I’ve been training U-Net models with a regular dataset, and one augmented with images that only has background classes.
For those situation with background class image, by definition there can be no TP. The ideal situation is the model predicts TP = 0, FP = 0, TN = 0, and FN = every pixel. If this ideal situation is achieved, the dice loss goes to zero.
BUT, if there’s even a single FP or FN, the dice loss goes to the max value. So there is no ability for the model to learn how to classify every pixel as background pixels. So when I train with images with non-background pixels and images with background pixels only… the loss gets dominated by this effect. Is there a workaround for this?
Wouldn’t an all background input predicted as such yield TN = 1?
If the model predicts another class and the dice loss shoots up (you might need to limit it in case it goes to Inf), the model will get a high signal to predict background only.
Do you mean that the very high dice loss biases the model to only predict all background images?
If so, you could try to clip the loss or just remove these images.
Is there a way to assign weights to dice loss? For example I want foreground predictions to have a higher impact since it is rarer in a dataset. Im having issues where the model simply predicts background for every image after some training time.

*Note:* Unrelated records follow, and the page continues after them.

lemma z2_abs_le_iff: "z2_abs z \<le> (1/2) ^ k \<longleftrightarrow> (\<forall>i<k. \<not> z i)"
proof (cases "\<exists>i. z i")
  case True
  then obtain m where "z m" and below: "\<And>i. i < m \<Longrightarrow> \<not> z i"
    using exists_least_iff[of z] by blast
  then have "z2_abs z \<le> (1/2) ^ k \<longleftrightarrow> k \<le> m"
    by (simp add: z2_abs_eq_power power_decreasing_iff)
  also have "\<dots> \<longleftrightarrow> (\<forall>i<k. \<not> z i)"
    using \<open>z m\<close> below by (meson leI order_less_le_trans)
  finally show ?thesis .
qed (simp add: z2_abs_def)

lemma z2_abs_less_iff: "z2_abs z < (1/2) ^ k \<longleftrightarrow> (\<forall>i\<le>k. \<not> z i)"
proof (cases "\<exists>i. z i")
  case True
  then obtain m where "z m" and below: "\<And>i. i < m \<Longrightarrow> \<not> z i"
    using exists_least_iff[of z] by blast
  then have "z2_abs z < (1/2) ^ k \<longleftrightarrow> k < m"
    by (simp add: z2_abs_eq_power power_strict_decreasing_iff)
  also have "\<dots> \<longleftrightarrow> (\<forall>i\<le>k. \<not> z i)"
    using \<open>z m\<close> below by (meson le_less_trans not_le)
  finally show ?thesis .
qed (simp add: z2_abs_def)

lemma z2_abs_eqI:
  assumes "\<And>k. (\<forall>i<k. \<not> u i) \<longleftrightarrow> (\<forall>i<k. \<not> v i)"
  shows "z2_abs u = z2_abs v"
proof (cases "\<exists>i. u i")
  case True
  then obtain m where "u m" and below: "\<And>i. i < m \<Longrightarrow> \<not> u i"
    using exists_least_iff[of u] by blast
  have "\<forall>i<m. \<not> v i" and "\<not> (\<forall>i<Suc m. \<not> v i)"
    using assms[of m] assms[of "Suc m"] \<open>u m\<close> below by auto
  then have "v m" by (auto simp: less_Suc_eq)
  with \<open>u m\<close> below \<open>\<forall>i<m. \<not> v i\<close> show ?thesis
    by (simp add: z2_abs_eq_power)
next
  case False
  have "\<not> v i" for i using assms[of "Suc i"] False by auto
  with False show ?thesis by (simp add: z2_abs_def)
qed

lemma z2_abs_diff_le_iff: "z2_abs (z2_diff x y) \<le> (1/2) ^ k \<longleftrightarrow> (\<forall>i<k. x i = y i)"
  by (simp add: z2_abs_le_iff z2_diff_eq_zero_upto)

lemma z2_abs_diff_less_iff: "z2_abs (z2_diff x y) < (1/2) ^ k \<longleftrightarrow> (\<forall>i\<le>k. x i = y i)"
  using z2_diff_eq_zero_upto[of "Suc k" x y] by (simp add: z2_abs_less_iff less_Suc_eq_le)

lemma z2_continuous_iff:
  "z2_continuous F \<longleftrightarrow> (\<forall>x k. \<exists>m. \<forall>y. (\<forall>i<m. y i = x i) \<longrightarrow> (\<forall>i<k. F y i = F x i))"
proof
  assume F: "z2_continuous F"
  show "\<forall>x k. \<exists>m. \<forall>y. (\<forall>i<m. y i = x i) \<longrightarrow> (\<forall>i<k. F y i = F x i)"
  proof (intro allI)
    fix x k
    have "(1/2::real) ^ k > 0" by simp
    then obtain d where "d > 0"
      and d: "\<And>y. z2_abs (z2_diff y x) < d \<Longrightarrow> z2_abs (z2_diff (F y) (F x)) < (1/2) ^ k"
      using F unfolding z2_continuous_def by blast
    obtain m where m: "(1/2::real) ^ m < d"
      using real_arch_pow_inv[OF \<open>d > 0\<close>, of "1/2"] by auto
    show "\<exists>m. \<forall>y. (\<forall>i<m. y i = x i) \<longrightarrow> (\<forall>i<k. F y i = F x i)"
    proof (rule exI[of _ m], rule allI, rule impI)
      fix y assume "\<forall>i<m. y i = x i"
      then have "z2_abs (z2_diff y x) \<le> (1/2) ^ m" by (simp add: z2_abs_diff_le_iff)
      then have "z2_abs (z2_diff (F y) (F x)) < (1/2) ^ k" using d m by simp
      then show "\<forall>i<k. F y i = F x i" by (simp add: z2_abs_diff_less_iff)
    qed
  qed
next
  assume F: "\<forall>x k. \<exists>m. \<forall>y. (\<forall>i<m. y i = x i) \<longrightarrow> (\<forall>i<k. F y i = F x i)"
  show "z2_continuous F"
    unfolding z2_continuous_def
  proof (intro allI impI)
    fix x and e :: real
    assume "e > 0"
    obtain k where k: "(1/2::real) ^ k < e"
      using real_arch_pow_inv[OF \<open>e > 0\<close>, of "1/2"] by auto
    from F obtain m where m: "\<forall>y. (\<forall>i<m. y i = x i) \<longrightarrow> (\<forall>i<k. F y i = F x i)"
      by blast
    show "\<exists>d>0. \<forall>y. z2_abs (z2_diff y x) < d \<longrightarrow> z2_abs (z2_diff (F y) (F x)) < e"
    proof (intro exI[of _ "(1/2) ^ m"] conjI allI impI)
      fix y assume "z2_abs (z2_diff y x) < (1/2) ^ m"
      then have "\<forall>i<m. y i = x i" by (simp add: z2_abs_diff_less_iff)
      then have "\<forall>i<k. F y i = F x i" using m by blast
      then have "z2_abs (z2_diff (F y) (F x)) \<le> (1/2) ^ k" by (simp add: z2_abs_diff_le_iff)
      then show "z2_abs (z2_diff (F y) (F x)) < e" using k by simp
    qed simp
  qed
qed

lemma z2_continuous_eqI:
  assumes "z2_continuous F" and "z2_continuous G"
    and "\<And>n. F (z2_of_nat n) = G (z2_of_nat n)"
  shows "F = G"
proof (intro ext)
  fix x i
  obtain m1 where F: "\<forall>y. (\<forall>j<m1. y j = x j) \<longrightarrow> (\<forall>j<Suc i. F y j = F x j)"
    using assms(1) unfolding z2_continuous_iff by blast
  obtain m2 where G: "\<forall>y. (\<forall>j<m2. y j = x j) \<longrightarrow> (\<forall>j<Suc i. G y j = G x j)"
    using assms(2) unfolding z2_continuous_iff by blast
  define y where "y = z2_of_nat (nat (z2_trunc x (max m1 m2)))"
  have "\<forall>j<m1. y j = x j" and "\<forall>j<m2. y j = x j"
    using z2_of_nat_trunc y_def by simp_all
  then have "F y i = F x i" and "G y i = G x i"
    using F G lessI by blast+
  then show "F x i = G x i" using assms(3) y_def by simp
qed

lemma bit_A_mod_eq: "i < k \<Longrightarrow> bit (A (n mod 2 ^ k)) i = bit (A n) i"
  by (metis A_mod bit_take_bit_iff take_bit_eq_mod)

text \<open>Digit i of the extension at x is digit i of A(N) for any natural N \<equiv> x (mod 2^(i+1));
  by \<open>bit_A_mod_eq\<close> the choice of N does not matter.\<close>
definition A_ext :: "z2 \<Rightarrow> z2" where
  "A_ext x = (\<lambda>i. bit (A (nat (z2_trunc x (Suc i)))) i)"

lemma A_ext_digit: "i < k \<Longrightarrow> A_ext x i = bit (A (nat (z2_trunc x k))) i"
proof -
  assume "i < k"
  obtain N where N: "z2_trunc x k = int N"
    using z2_trunc_nonneg zero_le_imp_eq_int by blast
  have "z2_trunc x (Suc i) = take_bit (Suc i) (z2_trunc x k)"
    using \<open>i < k\<close> by (intro z2_trunc_eq_take_bit) simp
  then have "nat (z2_trunc x (Suc i)) = take_bit (Suc i) N"
    by (simp only: N take_bit_of_nat nat_int)
  then show ?thesis by (simp add: A_ext_def N take_bit_eq_mod bit_A_mod_eq[OF lessI] del: power_Suc)
qed

lemma A_ext_of_nat: "A_ext (z2_of_nat n) = z2_of_nat (A n)"
  by (simp add: fun_eq_iff A_ext_def z2_trunc_of_nat bit_A_mod_eq[OF lessI] z2_of_nat_bit del: power_Suc)

lemma z2_continuous_A_ext: "z2_continuous A_ext"
  unfolding z2_continuous_iff
proof (intro allI)
  fix x :: z2 and k
  show "\<exists>m. \<forall>y. (\<forall>i<m. y i = x i) \<longrightarrow> (\<forall>i<k. A_ext y i = A_ext x i)"
    by (intro exI[of _ k]) (auto simp: A_ext_digit z2_trunc_eq_iff[symmetric])
qed

lemma ex1_continuous_extension: "\<exists>!F. z2_continuous F \<and> (\<forall>n. F (z2_of_nat n) = z2_of_nat (A n))"
  using z2_continuous_A_ext A_ext_of_nat z2_continuous_eqI by metis

lemma Atil_eq_A_ext: "Atil = A_ext"
  unfolding Atil_def
  by (rule the1_equality[OF ex1_continuous_extension]) (simp add: z2_continuous_A_ext A_ext_of_nat)

lemma ck_spec: "k \<ge> 1 \<Longrightarrow> ck k < 2 ^ k \<and> (\<forall>n. 2 ^ k dvd A n \<longleftrightarrow> n mod 2 ^ k = ck k)"
proof -
  assume "k \<ge> 1"
  then obtain r where "r < 2 ^ k" and r: "\<forall>n. 2 ^ k dvd A n \<longleftrightarrow> n mod 2 ^ k = r"
    using pow2_dvd_A_iff_mod_eq by blast
  then have "ck k = r"
    unfolding ck_def by (intro the_equality) auto
  with \<open>r < 2 ^ k\<close> r show ?thesis by simp
qed

lemma ex1_zero_below_power: "k \<ge> 1 \<Longrightarrow> \<exists>!c::nat. c < 2 ^ k \<and> 2 ^ k dvd A c"
  using ck_spec by (intro ex1I[of _ "ck k"]) auto

lemma ck_mod: "1 \<le> j \<Longrightarrow> j \<le> k \<Longrightarrow> ck k mod 2 ^ j = ck j"
proof -
  assume "1 \<le> j" "j \<le> k"
  then have "2 ^ k dvd A (ck k)" using ck_spec[of k] by simp
  moreover have "(2::nat) ^ j dvd 2 ^ k" using \<open>j \<le> k\<close> by (rule le_imp_power_dvd)
  ultimately have "2 ^ j dvd A (ck k)" by (rule dvd_trans[rotated])
  then show ?thesis using ck_spec[of j] \<open>1 \<le> j\<close> by simp
qed

definition c_root :: z2 where
  "c_root i = bit (ck (Suc i)) i"

lemma c_root_digit: "i < k \<Longrightarrow> c_root i = bit (ck k) i"
proof -
  assume "i < k"
  then have "ck (Suc i) = take_bit (Suc i) (ck k)"
    by (simp add: ck_mod take_bit_eq_mod Suc_leI del: power_Suc)
  then show ?thesis by (simp add: c_root_def bit_take_bit_iff)
qed

lemma z2_trunc_c_root: "k \<ge> 1 \<Longrightarrow> z2_trunc c_root k = int (ck k)"
proof -
  assume "k \<ge> 1"
  have "z2_trunc c_root k = take_bit k (int (ck k))"
    by (rule z2_trunc_eq_take_bit) (simp add: c_root_digit bit_of_nat_iff_bit)
  with ck_spec[OF \<open>k \<ge> 1\<close>] show ?thesis
    by (simp add: take_bit_of_nat take_bit_nat_eq_self)
qed

lemma A_ext_vanishes_iff: "(\<forall>i<k. \<not> A_ext x i) \<longleftrightarrow> (\<forall>i<k. x i = c_root i)"
proof (cases "k = 0")
  case False
  obtain N where N: "z2_trunc x k = int N"
    using z2_trunc_nonneg zero_le_imp_eq_int by blast
  have "N < 2 ^ k" using z2_trunc_less[of x k] N by (simp flip: of_nat_less_iff)
  have "(\<forall>i<k. \<not> A_ext x i) \<longleftrightarrow> take_bit k (A N) = 0"
    by (simp add: A_ext_digit N bit_eq_iff bit_take_bit_iff)
  also have "\<dots> \<longleftrightarrow> N = ck k"
    using ck_spec[of k] False \<open>N < 2 ^ k\<close> by (simp add: take_bit_eq_0_iff)
  also have "\<dots> \<longleftrightarrow> z2_trunc x k = z2_trunc c_root k"
    using False by (simp add: N z2_trunc_c_root)
  finally show ?thesis by (simp add: z2_trunc_eq_iff)
qed simp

If your model only predicts the background class, the intersection part of the dice loss calculation would be zero and thus your dice loss should be high.
I don’t know if there is a clear way to add weighting to it, but you could try to combine the dice loss with e.g.
nn.CrossEntropyLoss (and add weights there).
Suppose you have C classes as well as background, you can model the background as a separate class, then you will have C+1 classes, and TP = every pixel for images that contain only background.